This is the website for the AHRC-funded project Making Britain, a collaborative interdisciplinary venture examining the formative South Asian contribution to Britain’s literary, political and cultural life in the period 1870–1950. Making Britain is concerned with how South Asians were positioning themselves within British society and culture, and with their impact upon various aspects of British life. It aims to trace some of the key links between South Asians and Britons, while also exploring the tensions that arose from their encounters.

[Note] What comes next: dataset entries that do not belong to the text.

definition continuous_2_cocycle ::
  "('g::topological_space) groupoid \<Rightarrow> ('r::comm_ring_1) set \<Rightarrow> ('g \<times> 'g \<Rightarrow> 'r) \<Rightarrow> bool" where
  "continuous_2_cocycle G T \<sigma> \<longleftrightarrow>
     (\<forall>p\<in>composable G. \<sigma> p \<in> T) \<and>
     locally_constant_on (composable G) \<sigma> \<and>
     (\<forall>a b c. src G a = rng G b \<and> src G b = rng G c \<longrightarrow>
        \<sigma> (a, b) * \<sigma> (gmul G a b, c) = \<sigma> (a, gmul G b c) * \<sigma> (b, c)) \<and>
     (\<forall>g. \<sigma> (rng G g, g) = 1 \<and> \<sigma> (g, src G g) = 1)"

definition finsum :: "('a \<Rightarrow> 'r::comm_ring_1) \<Rightarrow> 'a set \<Rightarrow> 'r" where
  "finsum h S = sum h {x \<in> S. h x \<noteq> 0}"

definition tw_mul :: "'g groupoid \<Rightarrow> ('g \<times> 'g \<Rightarrow> 'r::comm_ring_1) \<Rightarrow> 'g \<times> 'r \<Rightarrow> 'g \<times> 'r \<Rightarrow> 'g \<times> 'r" where
  "tw_mul G \<sigma> e e' = (gmul G (fst e) (fst e'), \<sigma> (fst e, fst e') * snd e * snd e')"

definition tw_inv :: "'g groupoid \<Rightarrow> ('g \<times> 'g \<Rightarrow> 'r::comm_ring_1) \<Rightarrow> 'g \<times> 'r \<Rightarrow> 'g \<times> 'r" where
  "tw_inv G \<sigma> e = (ginv G (fst e), uinv (\<sigma> (fst e, ginv G (fst e))) * uinv (snd e))"

text \<open>Elements of A_R(G; G \<times>_\<sigma> T) are functions on 'g \<times> 'r that vanish off G \<times> T.\<close>
definition A_twist :: "('g::topological_space) groupoid \<Rightarrow> ('r::comm_ring_1) set \<Rightarrow> ('g \<times> 'r \<Rightarrow> 'r) set" where
  "A_twist G T = {f.
     (\<forall>g z. z \<notin> T \<longrightarrow> f (g, z) = 0) \<and>
     (\<forall>z\<in>T. locally_constant_on UNIV (\<lambda>g. f (g, z))) \<and>
     (\<forall>z\<in>T. \<forall>g. \<forall>w\<in>T. f (g, z * w) = z * f (g, w)) \<and>
     compact (closure {g. \<exists>z\<in>T. f (g, z) \<noteq> 0})}"

definition conv_twist ::
  "'g groupoid \<Rightarrow> ('r::comm_ring_1) set \<Rightarrow> ('g \<times> 'g \<Rightarrow> 'r) \<Rightarrow> ('g \<times> 'r \<Rightarrow> 'r) \<Rightarrow> ('g \<times> 'r \<Rightarrow> 'r) \<Rightarrow> 'g \<times> 'r \<Rightarrow> 'r" where
  "conv_twist G T \<sigma> f h e = (if snd e \<in> T then
      finsum (\<lambda>c. f (tw_mul G \<sigma> e (c, 1)) * h (tw_inv G \<sigma> (c, 1)))
             {c. rng G c = src G (fst e)}
    else 0)"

Through extensive new archival research, the project seeks to uncover the rich cultural output of this early diasporic community and heighten public awareness of the depth of South Asian contribution to contemporary British life. As well as producing published outputs, and hosting seminars and a public exhibition, the project is creating an annotated database of material written by and relating to South Asians in Britain, which will soon be linked through this website.

For further information about our project, please see the About page.

If you are interested in contributing to our research activities, please see the Events and Contact pages.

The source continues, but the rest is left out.